The research on VIP in pulmonary arterial hypertension is among the most developed in a serious clinical context. Pulmonary hypertension involves pathological remodeling of the pulmonary vasculature — the blood vessels narrow, pressure rises, and the right heart strains against the resistance. VIP's vasodilatory effects in pulmonary vasculature are well-established in preclinical models, and early clinical research explored inhaled VIP as a delivery mechanism. The results were promising enough to generate real interest but limited enough to make clear that translation from mechanism to therapeutic is not straightforward. Inhaled VIP has a short half-life — measured in minutes — and delivering enough of it to sustain vasodilation long enough to matter clinically requires solving stability and delivery problems that have not been fully solved.

The sarcoidosis research is earlier stage. Sarcoidosis is a granulomatous disease — the immune system forms clusters of inflammatory cells, called granulomas, in various organs, often the lungs and lymph nodes. The immunological picture involves dysregulated macrophage activation, elevated TNF-α, and a failure of normal immune resolution. VIP's anti-inflammatory and immunomodulatory properties have made it a candidate for investigation in this context, particularly as researchers look for approaches that could address the underlying immune dysregulation rather than just suppressing it broadly with corticosteroids. The research here is preclinical and early. The hypothesis is biological sound. The clinical evidence is thin.

Mast cell disorders represent another domain where VIP has attracted serious attention, primarily because of the VPAC2 receptor expression on mast cells. Mast cells are innate immune cells that release a cascade of inflammatory mediators — histamine, tryptase, prostaglandins, and dozens of others — when activated. When mast cells are hyperactivated, as in Mast Cell Activation Syndrome, this cascade fires inappropriately. VIP, via VPAC2, appears to modulate mast cell activity in ways that reduce inappropriate activation, a mechanism that has supported both investigational research and clinical interest among providers who work with MCAS patients. This is investigational territory. The evidence base for VIP specifically in MCAS involves case series and clinical observation rather than randomized controlled trials.

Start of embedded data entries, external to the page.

(* Let $N\ge2$ and let $(A_1,\dots,A_N)$ be nonnegative random variables satisfying $P\{\sum_{i}\mathbf{1}\{A_i>0\}\in\{0,1\}\}<1$, $\mathbb{E}[\sum_i\mathbf{1}\{A_i>0\}]>1$, $P\{A_i\in\{0,1\}\ \forall i\}<1$. Let $\phi(t,\xi)$ be the solution of the Cauchy problem described in the context with initial characteristic function $\phi_0$ of a distribution function $F_0$. Assume $F_0$ satisfies $(\mathbf{H}_\gamma)$ (see context) for some $\gamma\in(0,2]$. If $\mu(\delta)<\mu(\gamma)<+\infty$ for some $0<\delta<\gamma$, then $\lim_{t\to+\infty}\phi(t,e^{-t\mu(\gamma)}\xi)=1$ for every $\xi\in\mathbb{R}$.
   Context: $\mathcal{Q}(s)=\mathbb{E}[\sum_{j=1}^N A_j^s]-1$ for $s\ge0$ (convention $0^0=0$), $\mu(s)=\mathcal{Q}(s)/s$. Cauchy problem: for each $t\ge0$, $\phi(t,\cdot)$ is a characteristic function, $\partial_t\phi(t,\xi)+\phi(t,\xi)=\mathbb{E}[\prod_{i=1}^N\phi(t,A_i\xi)]$ for $t>0,\xi\in\mathbb{R}$, $\phi(0,\cdot)=\phi_0$ (unique solution). Hypothesis $(\mathbf{H}_\gamma)$: if $\gamma=1$: either (a) $\int|v|dF_0(v)<\infty$, or (b) $F_0$ symmetric with $\lim_{x\to+\infty}x(1-F_0(x))=c_0^+=\lim_{x\to-\infty}|x|F_0(x)$, $0<c_0^+<\infty$. If $\gamma=2$: $0<\int v^2dF_0(v)<\infty$ and $\int v\,dF_0(v)=0$. If $\gamma\in(0,1)\cup(1,2)$: $\lim_{x\to+\infty}x^\gamma(1-F_0(x))=c_0^+<\infty$, $\lim_{x\to-\infty}|x|^\gamma F_0(x)=c_0^-<\infty$, $c_0^++c_0^->0$, and $\int v\,dF_0(v)=0$ if $\gamma>1$. *)

theory Defs
  imports "HOL-Probability.Probability"
begin

text \<open>E[sum_j A_j^s] - 1, with 0 powr s = 0 (convention 0^0 = 0); value in ereal (may be +infinity).\<close>
definition Qfun :: "'a measure \<Rightarrow> nat \<Rightarrow> (nat \<Rightarrow> 'a \<Rightarrow> real) \<Rightarrow> real \<Rightarrow> ereal" where
  "Qfun M N A s = enn2ereal (\<integral>\<^sup>+ \<omega>. (\<Sum>j<N. ennreal (A j \<omega> powr s)) \<partial>M) - 1"

definition mufun :: "'a measure \<Rightarrow> nat \<Rightarrow> (nat \<Rightarrow> 'a \<Rightarrow> real) \<Rightarrow> real \<Rightarrow> ereal" where
  "mufun M N A s = Qfun M N A s / ereal s"

definition H_gamma :: "real measure \<Rightarrow> real \<Rightarrow> bool" where
  "H_gamma M0 \<gamma> \<longleftrightarrow>
     (\<gamma> = 1 \<longrightarrow>
        (integrable M0 (\<lambda>v. \<bar>v\<bar>)
         \<or> (distr M0 borel uminus = M0 \<and>
            (\<exists>c. 0 < c \<and> ((\<lambda>x. x * (1 - cdf M0 x)) \<longlongrightarrow> c) at_top
                 \<and> ((\<lambda>x. \<bar>x\<bar> * cdf M0 x) \<longlongrightarrow> c) at_bot)))) \<and>
     (\<gamma> = 2 \<longrightarrow>
        integrable M0 (\<lambda>v. v ^ 2) \<and> 0 < (\<integral>v. v ^ 2 \<partial>M0)
        \<and> integrable M0 (\<lambda>v. v) \<and> (\<integral>v. v \<partial>M0) = 0) \<and>
     ((\<gamma> \<in> {0<..<1} \<union> {1<..<2}) \<longrightarrow>
        (\<exists>cp cm. ((\<lambda>x. x powr \<gamma> * (1 - cdf M0 x)) \<longlongrightarrow> cp) at_top
                \<and> ((\<lambda>x. \<bar>x\<bar> powr \<gamma> * cdf M0 x) \<longlongrightarrow> cm) at_bot
                \<and> 0 < cp + cm
                \<and> (\<gamma> > 1 \<longrightarrow> integrable M0 (\<lambda>v. v) \<and> (\<integral>v. v \<partial>M0) = 0)))"

definition cauchy_solution ::
  "'a measure \<Rightarrow> nat \<Rightarrow> (nat \<Rightarrow> 'a \<Rightarrow> real) \<Rightarrow> (real \<Rightarrow> complex) \<Rightarrow> (real \<Rightarrow> real \<Rightarrow> complex) \<Rightarrow> bool" where
  "cauchy_solution M N A phi0 phi \<longleftrightarrow>
     (\<forall>t\<ge>0. \<exists>F. real_distribution F \<and> phi t = char F) \<and>
     (\<forall>\<xi>. continuous_on {0..} (\<lambda>t. phi t \<xi>)) \<and>
     (\<forall>t>0. \<forall>\<xi>. ((\<lambda>s. phi s \<xi>) has_vector_derivative
          (- phi t \<xi> + (\<integral>\<omega>. (\<Prod>i<N. phi t (A i \<omega> * \<xi>)) \<partial>M))) (at t)) \<and>
     phi 0 = phi0"

end

theory Submission
  imports Defs
begin

text \<open>Since \<delta> < \<gamma> \<le> 2, hypothesis (H_\<gamma>) makes the \<delta>-th absolute moment of the initial law
  finite (via its tail bounds), whence |1 - \<phi>0(\<xi>)| \<le> C |\<xi>|^\<delta>; for \<delta> > 1 the centring lets one
  subtract the linear term of exp(i y). This bound propagates along the equation with rate
  Q(\<delta>) = E[\<Sum> A_j^\<delta>] - 1: combining |1 - \<Prod> a_i| \<le> \<Sum> |1 - a_i| in the gain term with a comparison
  argument for exp(t) (1 - \<phi>(t,\<xi>)) gives |1 - \<phi>(t,\<xi>)| \<le> C exp(Q(\<delta>) t) |\<xi>|^\<delta>. At the point
  exp(-t \<mu>(\<gamma>)) \<xi> the right-hand side is C |\<xi>|^\<delta> exp(-(\<delta> \<mu>(\<gamma>) - Q(\<delta>)) t), which tends to 0
  because \<mu>(\<delta>) < \<mu>(\<gamma>).\<close>

text \<open>Mean value theorem for the projection of \<open>z\<close> onto the direction of \<open>z b - z a\<close>.\<close>

lemma norm_diff_le_majorant_diff:
  fixes z :: "real \<Rightarrow> 'a::real_inner"
  assumes "a < b" and "continuous_on {a..b} z" and "continuous_on {a..b} B"
    and "\<And>s. a < s \<Longrightarrow> s < b \<Longrightarrow> (z has_vector_derivative z' s) (at s)"
    and "\<And>s. a < s \<Longrightarrow> s < b \<Longrightarrow> (B has_real_derivative B' s) (at s)"
    and "\<And>s. a < s \<Longrightarrow> s < b \<Longrightarrow> norm (z' s) \<le> B' s"
  shows "norm (z b - z a) \<le> B b - B a"
proof -
  define u where "u = sgn (z b - z a)"
  define f where "f s = u \<bullet> z s - B s" for s
  have f_deriv: "(f has_real_derivative u \<bullet> z' s - B' s) (at s)" if "a < s" "s < b" for s
    unfolding f_def has_real_derivative_iff_has_vector_derivative
    by (intro has_vector_derivative_diff
        bounded_linear.has_vector_derivative[OF bounded_linear_inner_right] assms(4) that
        assms(5)[OF that, unfolded has_real_derivative_iff_has_vector_derivative])
  have "continuous_on {a..b} f"
    unfolding f_def using assms(2,3) by (intro continuous_intros)
  then obtain s l where s: "a < s" "s < b" and l: "(f has_real_derivative l) (at s)"
    and mvt: "f b - f a = (b - a) * l"
    using MVT[OF assms(1), of f] f_deriv by (metis real_differentiable_def)
  have "l = u \<bullet> z' s - B' s" using DERIV_unique[OF l f_deriv[OF s]] .
  moreover have "u \<bullet> z' s \<le> norm (z' s)"
  proof -
    have "norm u \<le> 1" unfolding u_def by (simp add: norm_sgn)
    then have "norm u * norm (z' s) \<le> norm (z' s)"
      using mult_right_mono[of "norm u" 1 "norm (z' s)"] by simp
    then show ?thesis using norm_cauchy_schwarz[of u "z' s"] by linarith
  qed
  ultimately have "f b - f a \<le> 0" using mvt assms(1) assms(6)[OF s] by (simp add: mult_nonneg_nonpos)
  moreover have "u \<bullet> (z b - z a) = norm (z b - z a)"
    unfolding u_def sgn_div_norm inner_scaleR_left power2_norm_eq_inner[symmetric]
    by (cases "z b = z a") (auto simp: power2_eq_square)
  ultimately show ?thesis unfolding f_def by (simp add: inner_diff_right)
qed
lemma sum_constant_mat2: "(\<Sum>k\<in>S. (A::mat2)) = smul (of_nat (card S)) A"
  using sum_smul_left[of "\<lambda>_. 1" A S] by simp

lemma lie_add_right: "lie y (A + B) = lie y A + lie y B"
  by (simp add: mat2_eq_iff algebra_simps)

lemma lie_smul_right: "lie y (smul c A) = smul c (lie y A)"
  by (simp add: mat2_eq_iff algebra_simps)

lemma lie_0_right [simp]: "lie y 0 = 0"
  by (simp add: lie_def)

lemma lie_sum_right: "lie y (sum f S) = (\<Sum>k\<in>S. lie y (f k))"
  by (induction S rule: infinite_finite_induct) (simp_all add: lie_add_right)

lemma lie_basis [simp]:
  "lie Ee Ee = 0" "lie Ee Ff = Hh" "lie Ee Hh = smul (-2) Ee"
  "lie Ff Ee = smul (-1) Hh" "lie Ff Ff = 0" "lie Ff Hh = smul 2 Ff"
  "lie Hh Ee = smul 2 Ee" "lie Hh Ff = smul (-2) Ff" "lie Hh Hh = 0"
  by (simp_all add: mat2_eq_iff)

lemma weight_0_vector: "X \<in> sl2 \<Longrightarrow> lie Hh X = 0 \<Longrightarrow> X = smul (X$1$1) Hh"
  by (simp add: mat2_eq_iff sl2_iff eq_neg_iff_add_eq_0 add.commute)

lemma form_eq:
  "form x y = (x$1$1 - x$2$2) * (y$1$1 - y$2$2) + 2 * (x$1$2 * y$2$1 + x$2$1 * y$1$2)"
  by (simp add: form_def tr_g_def field_simps)

lemma form_linear_left: "form (smul a x + smul b y) v = a * form x v + b * form y v"
  by (simp add: form_eq algebra_simps)

lemma form_linear_right: "form u (smul a x + smul b y) = a * form u x + b * form u y"
  by (simp add: form_eq algebra_simps)

lemma form_invariant: "form (lie y u) v + form u (lie y v) = 0"
  by (simp add: form_eq algebra_simps)

lemma form_Hh_Hh: "form Hh Hh = 4"
  by (simp add: form_eq)

lemma length_dom_g: "xs \<in> dom_g m \<Longrightarrow> length xs = m"
  by (simp add: dom_g_def)

lemma nth_in_sl2_dom_g: "xs \<in> dom_g m \<Longrightarrow> i < m \<Longrightarrow> xs!i \<in> sl2"
  by (auto simp: dom_g_def)

lemma list_update_in_dom_g: "xs \<in> dom_g m \<Longrightarrow> z \<in> sl2 \<Longrightarrow> xs[i := z] \<in> dom_g m"
  by (auto simp: dom_g_def dest: set_update_subset_insert[THEN subsetD])

lemma mset_eq_imp_dom_g_iff: "mset xs = mset ys \<Longrightarrow> xs \<in> dom_g m \<longleftrightarrow> ys \<in> dom_g m"
  by (simp add: dom_g_def flip: set_mset_mset size_mset)

section \<open>Invariant symmetric maps on monomials\<close>

text \<open>Symmetric maps only see the multiset of their arguments, so this list stands for the
  monomial e^a f^b h^c.\<close>

definition monomial :: "nat \<Rightarrow> nat \<Rightarrow> nat \<Rightarrow> mat2 list" where
  "monomial a b c = replicate a Ee @ replicate b Ff @ replicate c Hh"

lemma monomial_in_dom_g: "a + b + c = m \<Longrightarrow> monomial a b c \<in> dom_g m"
  by (auto simp: monomial_def dom_g_def)

lemma length_monomial [simp]: "length (monomial a b c) = a + b + c"
  by (simp add: monomial_def)

lemma mset_monomial:
  "mset (monomial a b c) = replicate_mset a Ee + replicate_mset b Ff + replicate_mset c Hh"
  by (simp add: monomial_def)

lemma nth_monomial:
  "i < a + b + c \<Longrightarrow> monomial a b c ! i = (if i < a then Ee else if i < a + b then Ff else Hh)"
  by (auto simp: monomial_def nth_append)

Long COVID has brought VIP into a different conversation entirely. Researchers studying the immune dysregulation underlying prolonged post-COVID symptoms have noted patterns — elevated inflammatory cytokines, disrupted autonomic regulation, mast cell involvement — that intersect with what VIP physiology would predict matters. Several research groups have investigated VIP levels in acute COVID and in long COVID populations, and low circulating VIP has appeared as a feature in some cohorts, though the sample sizes are small and the causal relationships are not established. The hypothesis that restoring VIP signaling might help address some component of the immune and autonomic dysregulation in long COVID is mechanistically coherent. What it is not, yet, is evidence.

The honest summary of where VIP sits therapeutically is this: the biology is genuinely remarkable, the mechanisms are well-characterized at the molecular level, and the translational research is moving in several directions at once. Inhaled VIP, intranasal VIP, and subcutaneous VIP have all been explored in different contexts. None of these approaches has generated the kind of large randomized controlled trial data that would support an approved therapeutic indication for the immune and inflammatory conditions where interest is highest. What exists is a constellation of mechanistic research, early-phase clinical observations, and clinical practice by providers who have evaluated individual patients and concluded, based on the available data, that the risk-benefit calculus supports a trial in certain cases.

VIP is not a simple drug targeting a single problem. It is a regulatory molecule that the body uses to maintain balance across many different systems simultaneously, and understanding it as such requires holding the breadth and the limitations together. The peptide that Said and Mutt found in porcine gut tissue fifty-some years ago has turned out to be something considerably more interesting than its name implies. The full picture is still being drawn.